The authors of [25] improved the performance of the fault-tolerant framework in terms of disk and network communication. With a cost-analysis model, it can adjust the interval of checkpoints by considering the underlying computing workloads. However, these fault-tolerant frameworks for iterative computation are dependent on their computing frameworks. In other words, the checkpoint scheme can only be used in the specific framework. Therefore, the fault-tolerant scheme cannot be used in other systems. On the other hand, our snapshot protocol is designed with modularity and portability in mind.

2.2. Snapshot Protocols

The Chandy–Lamport algorithm [26] is a basic snapshot protocol with the assumption of no failures and first-in-first-out (FIFO) message communication. For the practical implementation of the snapshot protocol, the system model must consider failures and asynchronous communication [27]. In [28], a partial snapshot algorithm for a subsystem, where multiple nodes concurrently initiate the snapshot algorithm, is proposed. In Snapify [29], a snapshot algorithm for offload applications on Xeon Phi manycore processors is proposed. HotRestore [30] is a fast restore system for virtual machine clusters. HotRestore minimizes performance degradation due to large snapshot files when restoring a virtual machine cluster by mitigating the TCP backoff problem between virtual machines.

Unlike previous work, our snapshot protocol does not require a specific runtime environment or depend on a system. For example, Snapify [29] is based on remote direct memory access and is dependent on Xeon Phi manycore processors. Our proposed snapshot protocol is carefully integrated with iterative computation for artificial intelligence applications in a modular fashion. In addition, we loosen the communication model in the presence of failures.

Furthermore, most of the previous approaches are leader-based. In other words, they rely on an explicit reader to coordinate the distributed snapshot protocol. The underlying assumption of leader-based snapshot protocols is that the network topology is fully connected since they rely on broadcast or multicast primitives. As far as the message complexity is concerned, our proposed snapshot protocol differs from previous approaches in that our algorithmic design uses the one-to-one communication model and maintains a small subset of neighbor nodes, thereby reducing the message complexity.

Although one-to-one communication or unicast primitives are well studied for routing in the computer networking field, no distinguishing snapshot protocol exists other than ours (especially in cloud computing environments) to the best of our knowledge. Reducing the message complexity of the distributed snapshot protocol has been a major concern. In this regard, one possible implementation of a distributed snapshot protocol is based on the quorum system. In the quorum system, a quorum is the minimum number of votes that a distributed transaction requires to perform an operation in a distributed system [31,32].

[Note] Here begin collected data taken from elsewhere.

(* Let $r,q$ be positive integers with $q\ge r+1$, and let $G$ be a $2q$-path degenerate graph. Define $f(0)=1$ and, for integers $x\ge1$, \[ f(x)=\begin{cases} x+2+\log_2\!\left(\frac{q-1}{q-x}\right), & \text{if } q<2r,\\ x+2, & \text{otherwise.}\end{cases} \] Then $G$ has a good linear order with respect to $f$ up to $r$.
   Context: Graphs are finite and simple. A strict ear of a graph $G$ is a path of $G$ whose internal vertices all have degree $2$ in $G$ and whose two endpoints are distinct. For an integer $p\ge1$, a $p$-reduction of $G$ is the deletion of either an isolated vertex, or a vertex of degree $1$, or the internal vertices of a strict ear of $G$ of length at least $p$. A graph is $p$-path degenerate if it can be reduced to the empty graph by a sequence of $p$-reductions. For a linear order $\pi$ of $V(G)$, an integer $x\ge0$ and $u,v\in V(G)$, $u$ is weakly $x$-reachable from $v$ under $\pi$ if $u\le_\pi v$ and there is a $u$–$v$ path $P$ of length at most $x$ such that $u<_\pi w$ for every internal vertex $w$ of $P$. $\mathrm{WReach}_x[G,\pi,v]$ is the set of vertices weakly $x$-reachable from $v$. A linear order $\pi$ of $V(G)$ is a good linear order with respect to $f$ up to $r$ if $\max_{v\in V(G)}|\mathrm{WReach}_x[G,\pi,v]|\le f(x)$ for every integer $0\le x\le r$. *)

theory Defs
  imports Complex_Main
begin

definition graph :: "'a set \<Rightarrow> 'a set set \<Rightarrow> bool" where
  "graph V E \<longleftrightarrow> finite V \<and> (\<forall>e\<in>E. \<exists>u v. e = {u, v} \<and> u \<noteq> v \<and> u \<in> V \<and> v \<in> V)"

definition degree :: "'a set set \<Rightarrow> 'a \<Rightarrow> nat" where
  "degree E v = card {u. {u, v} \<in> E}"

definition is_path :: "'a set \<Rightarrow> 'a set set \<Rightarrow> 'a list \<Rightarrow> bool" where
  "is_path V E ps \<longleftrightarrow> ps \<noteq> [] \<and> distinct ps \<and> set ps \<subseteq> V \<and>
     (\<forall>i. Suc i < length ps \<longrightarrow> {ps ! i, ps ! Suc i} \<in> E)"

definition path_len :: "'a list \<Rightarrow> nat" where
  "path_len ps = length ps - 1"

definition internal :: "'a list \<Rightarrow> 'a set" where
  "internal ps = {ps ! i | i. 0 < i \<and> Suc i < length ps}"

definition strict_ear :: "'a set \<Rightarrow> 'a set set \<Rightarrow> 'a list \<Rightarrow> bool" where
  "strict_ear V E ps \<longleftrightarrow> is_path V E ps \<and> hd ps \<noteq> last ps \<and>
     (\<forall>w\<in>internal ps. degree E w = 2)"

definition delete_vertices :: "'a set \<Rightarrow> 'a set \<Rightarrow> 'a set set \<Rightarrow> 'a set \<times> 'a set set" where
  "delete_vertices S V E = (V - S, {e\<in>E. e \<inter> S = {}})"

definition p_reduction :: "nat \<Rightarrow> 'a set \<Rightarrow> 'a set set \<Rightarrow> 'a set \<Rightarrow> 'a set set \<Rightarrow> bool" where
  "p_reduction p V E V' E' \<longleftrightarrow>
     (\<exists>v\<in>V. degree E v = 0 \<and> (V', E') = delete_vertices {v} V E) \<or>
     (\<exists>v\<in>V. degree E v = 1 \<and> (V', E') = delete_vertices {v} V E) \<or>
     (\<exists>ps. strict_ear V E ps \<and> path_len ps \<ge> p \<and> (V', E') = delete_vertices (internal ps) V E)"

inductive path_degenerate :: "nat \<Rightarrow> 'a set \<Rightarrow> 'a set set \<Rightarrow> bool" for p where
  empty: "path_degenerate p {} {}"
| step: "p_reduction p V E V' E' \<Longrightarrow> path_degenerate p V' E' \<Longrightarrow> path_degenerate p V E"

text \<open>Weak reachability w.r.t. a linear order L on V (pairs (a,b) meaning a \<le> b).\<close>
definition WReach :: "'a set \<Rightarrow> 'a set set \<Rightarrow> ('a \<times> 'a) set \<Rightarrow> nat \<Rightarrow> 'a \<Rightarrow> 'a set" where
  "WReach V E L x v = {u \<in> V. (u, v) \<in> L \<and>
     (\<exists>ps. is_path V E ps \<and> hd ps = u \<and> last ps = v \<and> path_len ps \<le> x \<and>
        (\<forall>w\<in>internal ps. (u, w) \<in> L \<and> u \<noteq> w))}"

definition good_linear_order :: "'a set \<Rightarrow> 'a set set \<Rightarrow> ('a \<times> 'a) set \<Rightarrow> (nat \<Rightarrow> real) \<Rightarrow> nat \<Rightarrow> bool" where
  "good_linear_order V E L f r \<longleftrightarrow> linear_order_on V L \<and>
     (\<forall>x\<le>r. \<forall>v\<in>V. real (card (WReach V E L x v)) \<le> f x)"

end

(*
  The order is built by undoing the reductions one at a time, always putting the
  reinserted vertices after the vertices of the smaller graph.  Since x <= r < q,
  no path of length at most x between old vertices can pass through a reinserted
  vertex, so weak reachability from old vertices does not change.  A reinserted
  vertex of degree at most one weakly x-reaches only itself and what its neighbour
  weakly (x-1)-reaches.  The inner vertices of a reinserted ear W_0 ... W_m, where
  m >= 2q, are ordered W_q, W_1, W_(m-1), W_2, W_(m-2), ...  Then W_i with i <= q
  weakly x-reaches only the ear vertices between W_0 and W_i within distance x,
  vertices weakly (x-i)-reachable from W_0 in the smaller graph, and W_q when
  q <= x + i; symmetrically for i > q.  The logarithmic term of f pays for W_q:
  if q <= x + i and i < x, then q - x is at most half of q - (x - i), so
  (q-1)/(q-x) is at least twice (q-1)/(q-(x-i)).  This case needs q < 2r.
*)
theory Submission
  imports Defs
begin

lemma is_path_nonempty: "is_path V E ps \<Longrightarrow> ps \<noteq> []"
  and is_path_distinct: "is_path V E ps \<Longrightarrow> distinct ps"
  and is_path_set: "is_path V E ps \<Longrightarrow> set ps \<subseteq> V"
  and is_path_edge: "is_path V E ps \<Longrightarrow> Suc i < length ps \<Longrightarrow> {ps ! i, ps ! Suc i} \<in> E"
  unfolding is_path_def by auto

lemma is_path_drop: "is_path V E ps \<Longrightarrow> k < length ps \<Longrightarrow> is_path V E (drop k ps)"
  unfolding is_path_def by (auto dest: in_set_dropD)

lemma is_path_take: "is_path V E ps \<Longrightarrow> 0 < k \<Longrightarrow> is_path V E (take k ps)"
  unfolding is_path_def by (auto dest: in_set_takeD)

lemma is_path_rev: "is_path V E ps \<Longrightarrow> is_path V E (rev ps)"
  unfolding is_path_def
proof (intro conjI allI impI)
  fix i assume ps: "ps \<noteq> [] \<and> distinct ps \<and> set ps \<subseteq> V \<and> (\<forall>i. Suc i < length ps \<longrightarrow> {ps ! i, ps ! Suc i} \<in> E)"
    and i: "Suc i < length (rev ps)"
  have "{ps ! (length ps - Suc (Suc i)), ps ! Suc (length ps - Suc (Suc i))} \<in> E"
    using ps i by auto
  moreover have "Suc (length ps - Suc (Suc i)) = length ps - Suc i" using i by simp
  ultimately show "{rev ps ! i, rev ps ! Suc i} \<in> E"
    using i by (simp add: rev_nth insert_commute)
qed auto

lemma is_path_induced:
  assumes "is_path V E ps" and "set ps \<subseteq> V - S"
  shows "is_path (V - S) {e \<in> E. e \<inter> S = {}} ps"
  unfolding is_path_def
proof (intro conjI allI impI)
  fix i assume i: "Suc i < length ps"
  then have "ps ! i \<in> V - S" "ps ! Suc i \<in> V - S" using assms(2) nth_mem by (blast dest: Suc_lessD)+
  then show "{ps ! i, ps ! Suc i} \<in> {e \<in> E. e \<inter> S = {}}" using is_path_edge[OF assms(1) i] by auto
qed (use assms in \<open>auto simp: is_path_def\<close>)

lemma path_len_rev [simp]: "path_len (rev ps) = path_len ps"
  by (simp add: path_len_def)

lemma internal_nth: "0 < i \<Longrightarrow> Suc i < length ps \<Longrightarrow> ps ! i \<in> internal ps"
  unfolding internal_def by auto

lemma internal_subset_set: "internal ps \<subseteq> set ps"
  unfolding internal_def by auto

lemma internal_rev [simp]: "internal (rev ps) = internal ps"
  unfolding internal_def
proof safe
  fix i assume "0 < i" "Suc i < length (rev ps)"
  then show "\<exists>j. rev ps ! i = ps ! j \<and> 0 < j \<and> Suc j < length ps"
    by (intro exI[of _ "length ps - Suc i"]) (auto simp: rev_nth)
next
  fix i assume "0 < i" "Suc i < length ps"
  then show "\<exists>j. ps ! i = rev ps ! j \<and> 0 < j \<and> Suc j < length (rev ps)"
    by (intro exI[of _ "length ps - Suc i"]) (auto simp: rev_nth)
qed

lemma internal_drop_subset: "internal (drop k ps) \<subseteq> internal ps"
  unfolding internal_def
proof safe
  fix i assume "0 < i" "Suc i < length (drop k ps)"
  then show "\<exists>j. drop k ps ! i = ps ! j \<and> 0 < j \<and> Suc j < length ps"
    by (intro exI[of _ "k + i"]) auto
qed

However, one disadvantage of using the quorum system is that it sometimes needs one or more shared memory objects. Moreover, to safely calculate, the majority of the quorum system requires the following condition: ∀Q₁, Q₂ ∈ Q, Q₁ ∩ Q₂ ≠ ∅ [33,34]. Thus, a distributed snapshot protocol based on the quorum system is suitable for static systems. Since cloud computing systems are dynamic in nature, a protocol based on the quorum system requires the reorganization of quorum sets each time a node joins or departs.

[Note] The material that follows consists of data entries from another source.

(* Let $f:X\to\mathcal G$ be convex and $x_0\in\operatorname{dom} f$. If $x_0$ solves the strict scalarized Stampacchia inequality $$\forall x\in X,\ \forall z^*\in C^-\setminus\{0\}:\ \varphi_{f,z^*}(x_0)=-\infty\ \text{or}\ 0\le\varphi'_{f,z^*}(x_0,x-x_0),$$ then it solves the strict set-valued Stampacchia inequality $0^+f(x_0)\supseteq f'(x_0,x-x_0)$ for all $x\in X$. If additionally the strong regularity condition holds, namely $\varphi_{f'(x,\cdot),z^*}(u)=\varphi'_{f,z^*}(x,u)$ for all $z^*\in C^-\setminus\{0\}$ and all $x,u\in X$, then the reverse implication holds as well.
   Context: $X$ real linear space, $Z$ real locally convex Hausdorff space with dual $Z^*$, $C\subseteq Z$ closed convex cone, $0\in C$, $C^-=\{z^*:z^*(c)\le0\ \forall c\in C\}$, $C^-\setminus\{0\}\ne\emptyset$. $\mathcal G=\{A\subseteq Z: A=\operatorname{cl}\operatorname{co}(A+C)\}$; $A\oplus B=\operatorname{cl}\{a+b\}$, $tA=\{ta\}$ ($t>0$), $A\ominus B=\{z:B+\{z\}\subseteq A\}$; $0^+A=\{z: A+\{z\}\subseteq A\}$ for $A\ne\emptyset$, $0^+\emptyset=\emptyset$. $f$ convex: $f(tx_1+(1-t)x_2)\supseteq tf(x_1)\oplus(1-t)f(x_2)$; $\operatorname{dom}f=\{x:f(x)\ne\emptyset\}$. $f'(x,u)=\bigcap_{t_0>0}\operatorname{cl}\operatorname{co}\bigcup_{0<t<t_0}\frac1t(f(x+tu)\ominus f(x))$. On $\overline{\mathbb R}$: inf-addition $\dot+$ ($(-\infty)\dot+(+\infty)=+\infty$), $r\ominus s=\inf\{t\in\mathbb R:r\le s\dot+t\}$ ($\inf\emptyset=+\infty$). $\varphi_{f,z^*}(x)=\inf\{-z^*(z):z\in f(x)\}$ ($+\infty$ if $f(x)=\emptyset$), $\varphi_{f'(x,\cdot),z^*}(u)=\inf\{-z^*(z): z\in f'(x,u)\}$, $\varphi'_{f,z^*}(x,u)=\inf_{t>0}\frac1t(\varphi_{f,z^*}(x+tu)\ominus\varphi_{f,z^*}(x))$. *)

theory Defs
  imports "HOL-Analysis.Analysis"
begin

definition lc_hausdorff_tvs :: "'b::{real_vector,topological_space} itself \<Rightarrow> bool" where
  "lc_hausdorff_tvs _ \<longleftrightarrow>
     continuous_on UNIV (\<lambda>p::'b \<times> 'b. fst p + snd p) \<and>
     continuous_on UNIV (\<lambda>p::real \<times> 'b. fst p *\<^sub>R snd p) \<and>
     (\<forall>x y::'b. x \<noteq> y \<longrightarrow> (\<exists>U V. open U \<and> open V \<and> x \<in> U \<and> y \<in> V \<and> U \<inter> V = {})) \<and>
     (\<forall>(x::'b) U. open U \<and> x \<in> U \<longrightarrow> (\<exists>V. open V \<and> convex V \<and> x \<in> V \<and> V \<subseteq> U))"

definition topdual :: "('b::{real_vector,topological_space} \<Rightarrow> real) set" where
  "topdual = {zs. linear zs \<and> continuous_on UNIV zs}"

definition negdual :: "'b::{real_vector,topological_space} set \<Rightarrow> ('b \<Rightarrow> real) set" where
  "negdual C = {zs \<in> topdual. \<forall>c\<in>C. zs c \<le> 0}"

definition msum :: "'b::real_vector set \<Rightarrow> 'b set \<Rightarrow> 'b set" where
  "msum A B = {a + b | a b. a \<in> A \<and> b \<in> B}"

definition cplus :: "'b::{real_vector,topological_space} set \<Rightarrow> 'b set \<Rightarrow> 'b set" where
  "cplus A B = closure (msum A B)"

definition smul :: "real \<Rightarrow> 'b::real_vector set \<Rightarrow> 'b set" where
  "smul t A = (\<lambda>a. t *\<^sub>R a) ` A"

definition iminus :: "'b::real_vector set \<Rightarrow> 'b set \<Rightarrow> 'b set" where
  "iminus A B = {z. msum B {z} \<subseteq> A}"

definition recc :: "'b::real_vector set \<Rightarrow> 'b set" where
  "recc A = (if A = {} then {} else {z. msum A {z} \<subseteq> A})"

definition Gsets :: "'b::{real_vector,topological_space} set \<Rightarrow> 'b set set" where
  "Gsets C = {A. A = closure (convex hull (msum A C))}"

definition convex_sv :: "('a::real_vector \<Rightarrow> 'b::{real_vector,topological_space} set) \<Rightarrow> bool" where
  "convex_sv f \<longleftrightarrow> (\<forall>x1 x2 t. 0 < t \<and> t < 1 \<longrightarrow>
      cplus (smul t (f x1)) (smul (1 - t) (f x2)) \<subseteq> f (t *\<^sub>R x1 + (1 - t) *\<^sub>R x2))"

definition sv_dir_deriv :: "('a::real_vector \<Rightarrow> 'b::{real_vector,topological_space} set) \<Rightarrow> 'a \<Rightarrow> 'a \<Rightarrow> 'b set" where
  "sv_dir_deriv f x u = (\<Inter>t0\<in>{t0::real. 0 < t0}.
      closure (convex hull (\<Union>t\<in>{t. 0 < t \<and> t < t0}. smul (1 / t) (iminus (f (x + t *\<^sub>R u)) (f x)))))"

definition infadd :: "ereal \<Rightarrow> ereal \<Rightarrow> ereal" where
  "infadd r s = (if r = \<infinity> \<or> s = \<infinity> then \<infinity> else r + s)"

definition ediff :: "ereal \<Rightarrow> ereal \<Rightarrow> ereal" where
  "ediff r s = Inf (ereal ` {t::real. r \<le> infadd s (ereal t)})"

definition phi_set :: "('b \<Rightarrow> real) \<Rightarrow> 'b set \<Rightarrow> ereal" where
  "phi_set zs A = Inf ((\<lambda>z. ereal (- zs z)) ` A)"

definition phi :: "('a \<Rightarrow> 'b set) \<Rightarrow> ('b \<Rightarrow> real) \<Rightarrow> 'a \<Rightarrow> ereal" where
  "phi f zs x = phi_set zs (f x)"

definition phi_dir_deriv :: "('a::real_vector \<Rightarrow> 'b set) \<Rightarrow> ('b \<Rightarrow> real) \<Rightarrow> 'a \<Rightarrow> 'a \<Rightarrow> ereal" where
  "phi_dir_deriv f zs x u =
     (INF t\<in>{t::real. 0 < t}. ereal (1 / t) * ediff (phi f zs (x + t *\<^sub>R u)) (phi f zs x))"

end

theory Submission
  imports Defs
begin

(*
  If a + z lies outside the closed convex set f(x0) for some a in f(x0) and z in f'(x0, x - x0),
  a continuous linear functional z* strictly separates a + z from f(x0) (Hahn-Banach, applied to
  the Minkowski gauge of an open convex set).  Since f(x0) + C \<subseteq> f(x0), z* lies in C^- \ {0}, and
  \<phi>_{f,z*}(x0) is finite.  The scalar inequality gives 0 \<le> \<phi>'_{f,z*}(x0, x - x0) \<le> -z*(z), where
  the second inequality holds for every set-valued f, because each difference quotient of f at x0
  lies in the closed half-space {w. \<phi>'_{f,z*}(x0, x - x0) \<le> -z*(w)}; this contradicts the
  separation.  Conversely, if f'(x0, u) \<subseteq> 0^+ f(x0) and \<phi>_{f,z*}(x0) > -\<infinity>, then z*(z) \<le> 0 for
  every z in f'(x0, u), since otherwise -z* would be unbounded below along a ray in f(x0); thus
  \<phi>_{f'(x0,\<cdot>),z*}(u) \<ge> 0, which is \<phi>'_{f,z*}(x0, u) by strong regularity.
*)

section \<open>Sublinear functionals and the Hahn-Banach theorem\<close>

definition sublinear :: "('a::real_vector \<Rightarrow> real) \<Rightarrow> bool" where
  "sublinear p \<longleftrightarrow>
     (\<forall>x y. p (x + y) \<le> p x + p y) \<and> (\<forall>c x. 0 < c \<longrightarrow> p (c *\<^sub>R x) = c * p x)"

3. System Model and Problem Definition

The system consists of a collection of n nodes, node₁, node₂, node₃, ···, node_n, where each node is connected by communication channels. There is no shared memory and, therefore, a node can communicate with others solely by passing messages. The message delivery model is asynchronous. When asynchronous send primitives are used, the control returns to the invoking process after the message is delivered to the buffer. Messages are delivered reliably with finite but arbitrary time delay. The network can be described as a directed graph [35], in which vertices represent the nodes and edges represent unidirectional communication channels. Let C_ij denote the channel from node_i to node_j and SC_ij denote the state of C_ij.

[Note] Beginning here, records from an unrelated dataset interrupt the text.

lemma sum_inverse_square_half_atLeastAtMost_le:
  "N \<ge> 1 \<Longrightarrow> (\<Sum>k=1..N. 1 / (real k - 1/2)^2) \<le> 5 - 1 / real N"
proof (induction N rule: dec_induct)
  case base
  then show ?case by (simp add: power2_eq_square)
next
  case (step n)
  have "real n * (real n + 1) \<le> (real n + 1/2)^2"
    by (simp add: power2_eq_square algebra_simps)
  then have "1 / (real n + 1/2)^2 \<le> 1 / (real n * (real n + 1))"
    using step by (intro divide_left_mono) auto
  also have "\<dots> = 1 / real n - 1 / (real n + 1)"
    using step by (simp add: field_simps)
  finally show ?case using step.IH by (simp add: add.commute)
qed

lemma sum_inverse_square_half_le:
  assumes "finite A" "0 \<notin> A"
  shows "(\<Sum>k\<in>A. 1 / (real k - 1/2)^2) \<le> 5"
proof (cases "A = {}")
  case False
  have "1 \<le> k" if "k \<in> A" for k using assms(2) that by (metis less_one not_le)
  then have A: "A \<subseteq> {1..Max A}" "1 \<le> Max A" using assms(1) False by auto
  then have "(\<Sum>k\<in>A. 1 / (real k - 1/2)^2) \<le> (\<Sum>k=1..Max A. 1 / (real k - 1/2)^2)"
    by (intro sum_mono2) auto
  also have "\<dots> \<le> 5 - 1 / real (Max A)"
    using A by (intro sum_inverse_square_half_atLeastAtMost_le)
  also have "\<dots> \<le> 5" by simp
  finally show ?thesis .
qed simp

lemma sum_inverse_square_half_dist_le:
  assumes "finite A"
  shows "(\<Sum>e\<in>A - {c}. 1 / (\<bar>real e - real c\<bar> - 1/2)^2) \<le> 10"
proof -
  define g where "g k = 1 / (real k - 1/2)^2" for k :: nat
  have split: "A - {c} = {e\<in>A. c < e} \<union> {e\<in>A. e < c}" by auto
  have "(\<Sum>e\<in>A - {c}. 1 / (\<bar>real e - real c\<bar> - 1/2)^2)
      = (\<Sum>e\<in>{e\<in>A. c < e}. g (e - c)) + (\<Sum>e\<in>{e\<in>A. e < c}. g (c - e))"
    unfolding split using assms
    by (subst sum.union_disjoint) (auto intro!: arg_cong2[where f="(+)"] sum.cong simp: g_def)
  also have "\<dots> = sum g ((\<lambda>e. e - c) ` {e\<in>A. c < e}) + sum g ((\<lambda>e. c - e) ` {e\<in>A. e < c})"
    by (subst (1 2) sum.reindex) (auto simp: inj_on_def)
  also have "\<dots> \<le> 5 + 5"
    unfolding g_def using assms by (intro add_mono sum_inverse_square_half_le) auto
  finally show ?thesis by simp
qed

lemma cell_midpoint_dist_ge:
  fixes h z :: real
  assumes "h > 0" "real c * h \<le> z" "z \<le> (real c + 1) * h"
  shows "(\<bar>real e - real c\<bar> - 1/2) * h \<le> \<bar>z - (real e + 1/2) * h\<bar>"
proof (cases "c < e")
  case True
  then have "(\<bar>real e - real c\<bar> - 1/2) * h = (real e + 1/2) * h - (real c + 1) * h"
    by (simp add: algebra_simps)
  then show ?thesis using assms by linarith
next
  case False
  then have "(\<bar>real e - real c\<bar> - 1/2) * h = real c * h - (real e + 1/2) * h"
    by (simp add: algebra_simps)
  then show ?thesis using assms by linarith
qed

lemma cell_midpoint_ne:
  fixes h z :: real
  assumes "h > 0" "real c * h \<le> z" "z \<le> (real c + 1) * h" "e \<noteq> c"
  shows "z \<noteq> (real e + 1/2) * h"
proof -
  have "1 \<le> \<bar>real e - real c\<bar>" using assms(4) by linarith
  then have "0 < (\<bar>real e - real c\<bar> - 1/2) * h" using assms(1) by simp
  also have "\<dots> \<le> \<bar>z - (real e + 1/2) * h\<bar>" using assms(1-3) by (rule cell_midpoint_dist_ge)
  finally show ?thesis by auto
qed

lemma sum_inverse_square_midpoints_le:
  fixes h z :: real
  assumes "h > 0" "real c * h \<le> z" "z \<le> (real c + 1) * h"
  shows "(\<Sum>e\<in>{..<M} - {c}. 1 / (z - (real e + 1/2) * h)^2) \<le> 10 / h^2"
proof -
  have "1 / (z - (real e + 1/2) * h)^2 \<le> 1 / ((\<bar>real e - real c\<bar> - 1/2) * h)^2"
    if "e \<noteq> c" for e
  proof (rule inverse_square_le_of_abs_ge)
    have "1 \<le> \<bar>real e - real c\<bar>" using that by linarith
    then show "0 < (\<bar>real e - real c\<bar> - 1/2) * h" using assms by simp
  qed (rule cell_midpoint_dist_ge[OF assms])
  then have "(\<Sum>e\<in>{..<M} - {c}. 1 / (z - (real e + 1/2) * h)^2)
      \<le> (\<Sum>e\<in>{..<M} - {c}. 1 / ((\<bar>real e - real c\<bar> - 1/2) * h)^2)"
    by (intro sum_mono) auto
  also have "\<dots> = (\<Sum>e\<in>{..<M} - {c}. 1 / (\<bar>real e - real c\<bar> - 1/2)^2) / h^2"
    by (simp add: sum_divide_distrib power_mult_distrib)
  also have "\<dots> \<le> 10 / h^2"
    by (intro divide_right_mono sum_inverse_square_half_dist_le) auto
  finally show ?thesis .
qed

lemma exists_cell:
  fixes h z :: real
  assumes "h > 0" "M > 0" "0 \<le> z" "z \<le> real M * h"
  shows "\<exists>c<M. real c * h \<le> z \<and> z \<le> (real c + 1) * h"
proof (cases "z < real M * h")
  case True
  define c where "c = nat \<lfloor>z / h\<rfloor>"
  have "real c \<le> z / h" "z / h < real c + 1"
    using assms by (simp_all add: c_def)
  moreover have "c < M"
    using True assms by (simp add: c_def nat_less_iff floor_less_iff divide_less_eq)
  ultimately show ?thesis using assms by (intro exI[of _ c]) (auto simp: field_simps)
next
  case False
  then show ?thesis using assms by (intro exI[of _ "M - 1"]) (auto simp: of_nat_diff algebra_simps)
qed

lemma exists_le_average:
  fixes F :: "'a \<Rightarrow> real"
  assumes "finite E" "0 < n" "n \<le> card E" "\<And>e. e \<in> E \<Longrightarrow> 0 \<le> F e"
    and "(\<Sum>e\<in>E. F e) \<le> real n * c"
  shows "\<exists>e\<in>E. F e \<le> c"
proof -
  have "E \<noteq> {}" using assms(2,3) by (cases "E = {}") auto
  then have "Min (F ` E) \<in> F ` E" using assms(1) by (intro Min_in) auto
  then obtain e where e: "e \<in> E" "F e = Min (F ` E)" by auto
  have "real n * F e \<le> real (card E) * F e"
    using assms(3,4) e(1) by (intro mult_right_mono) auto
  also have "\<dots> \<le> (\<Sum>e\<in>E. F e)"
    using e assms(1) by (intro sum_bounded_below) simp
  finally have "real n * F e \<le> real n * c" using assms(5) by linarith
  then show ?thesis using assms(2) e(1) by auto
qed

(* Of the 2n cells of width h = (b - a) / (2n), at least n contain no y m; averaged over these,
   the midpoint sums are at most 10 / h^2 by sum_inverse_square_midpoints_le. *)
lemma exists_threshold_by_cells:
  fixes y :: "'a \<Rightarrow> real"
  assumes S: "finite S" "S \<noteq> {}" and y: "\<And>m. m \<in> S \<Longrightarrow> a \<le> y m \<and> y m \<le> b" and "a < b"
  shows "\<exists>\<theta>. a < \<theta> \<and> \<theta> < b \<and> (\<forall>m\<in>S. y m \<noteq> \<theta>) \<and>
           (\<Sum>m\<in>S. 1 / (y m - \<theta>)^2) \<le> 40 * real (card S)^2 / (b - a)^2"
proof -
  define n where "n = card S"
  define M where "M = 2 * n"
  define h where "h = (b - a) / real M"
  have "n > 0" using S by (simp add: n_def card_gt_0_iff)
  then have M: "M > 0" "h > 0" "real M * h = b - a" using \<open>a < b\<close> by (auto simp: M_def h_def)
  have "\<forall>m\<in>S. \<exists>c<M. real c * h \<le> y m - a \<and> y m - a \<le> (real c + 1) * h"
    using y M by (intro ballI exists_cell) auto
  then obtain cell where cell: "\<And>m. m \<in> S \<Longrightarrow> cell m < M"
      "\<And>m. m \<in> S \<Longrightarrow> real (cell m) * h \<le> y m - a" "\<And>m. m \<in> S \<Longrightarrow> y m - a \<le> (real (cell m) + 1) * h"
    by metis
  define mid where "mid e = a + (real e + 1/2) * h" for e :: nat
  define F where "F e = (\<Sum>m\<in>S. 1 / (y m - mid e)^2)" for e
  define E where "E = {..<M} - cell ` S"
  have "card (cell ` S) \<le> n" unfolding n_def using S(1) by (rule card_image_le)
  moreover have "card {..<M} - card (cell ` S) \<le> card E"
    unfolding E_def using S(1) by (intro diff_card_le_card_Diff) auto
  ultimately have cardE: "n \<le> card E" by (simp add: M_def)
  have "(\<Sum>e\<in>E. F e) = (\<Sum>m\<in>S. \<Sum>e\<in>E. 1 / (y m - a - (real e + 1/2) * h)^2)"
    unfolding F_def mid_def by (subst sum.swap) (simp add: algebra_simps)
  also have "\<dots> \<le> (\<Sum>m\<in>S. \<Sum>e\<in>{..<M} - {cell m}. 1 / (y m - a - (real e + 1/2) * h)^2)"
    by (intro sum_mono sum_mono2) (auto simp: E_def)
  also have "\<dots> \<le> (\<Sum>m\<in>S. 10 / h^2)"
    using M cell by (intro sum_mono sum_inverse_square_midpoints_le) auto
  finally have "(\<Sum>e\<in>E. F e) \<le> real n * (10 / h^2)" by (simp add: n_def)
  moreover have "finite E" "\<And>e. 0 \<le> F e" by (simp_all add: E_def F_def sum_nonneg)
  ultimately obtain e where e: "e \<in> E" "F e \<le> 10 / h^2"
    using exists_le_average[of E n F] cardE \<open>n > 0\<close> by blast
  moreover have "10 / h^2 = 40 * real n^2 / (b - a)^2"
    using M(2) \<open>n > 0\<close> by (simp add: M(3)[symmetric] M_def power_mult_distrib field_simps)
  ultimately have bound: "F e \<le> 40 * real n^2 / (b - a)^2" by simp
  have "y m - a \<noteq> (real e + 1/2) * h" if "m \<in> S" for m
    using e(1) that M(2) cell by (intro cell_midpoint_ne) (auto simp: E_def)
  then have "\<forall>m\<in>S. y m \<noteq> mid e" by (fastforce simp: mid_def)
  moreover have "a < mid e" using M(2) by (simp add: mid_def)
  moreover have "mid e < b"
  proof -
    have "real e + 1/2 < real M" using e(1) by (simp add: E_def)
    then have "(real e + 1/2) * h < real M * h" using M(2) by (rule mult_strict_right_mono)
    then show ?thesis using M(3) by (simp add: mid_def)
  qed
  ultimately show ?thesis using bound unfolding F_def n_def by blast
qed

The state of a node at any time is defined by actions, and the contents of the node are composed of registers, stacks, local memory, distributed applications, etc. The actions performed by a node are modeled as three types of events: local events, message-sending events, and message-receiving events. In this respect, let m_ij, send(m_ij), and receive(m_ij) be a message sent by node_i to node_j, a sending event of m_ij, and a receiving event of m_ij, respectively. The occurrence of these events leads to transitions in the global system state. At any instant, the state of node_i (denoted by LS_i) is a result of the entire sequence of events executed by node_i up to the instant. For the channel C_ij, the transit state is defined as follows [36]:

transit(LS_i, LS_j) = {m_ij | send(m_ij) ∈ LS_i ⋀ receive(m_ij) ∉ LS_j}.

(1)

Therefore, if a snapshot protocol starts an instance to record the state of node_i and node_j, it must include transit(LS_i, LS_j) and transit(LS_j, LS_i) as well as LS_i and LS_j. The communication model is not restricted to the FIFO or causally ordered delivery model [37]. Furthermore, unlike previous research, we do not use broadcast primitives, which simplify the design of a snapshot protocol. In our algorithmic design, we use one-to-one communication primitives. How to accomplish the snapshot protocol safely and efficiently with the assumption of the non-FIFO model and one-to-one communication model is at the core of our contributions by collecting a consistent global state GS:

GS = {⋃_iLS_i, ⋃_i,j SC_ij}.

(2)

A global state is a consistent global state if, and only if, the following conditions are met [38]:

Condition 1: send(m_ij) ∈ LS_i ⇒ m_ij ∈ SC_ij ⊕ receive(m_ij) ∈ LS_j,

(3)

Condition 2: send(m_ij) ∉ LS_i ⇒ m_ij ∉ SC_ij ⋀ receive(m_ij) ∉ LS_j.

(4)

Condition 1 states that every message m_ij that is recorded in LS_i must be captured in the state of the channel C_ij or in the collected local state of node_j. Condition 2 states that if a message m_ij is not recorded as a sent event in the local state of node_i, then it must be presented neither in the state of the channel C_ij nor in the collected local state of node_j. The proposed snapshot protocol is able to capture a consistent global state satisfying the above conditions; the proof of the algorithm is detailed in the next section. For node failures, we consider the fail-stop model [39], where a failed node remains halted forever.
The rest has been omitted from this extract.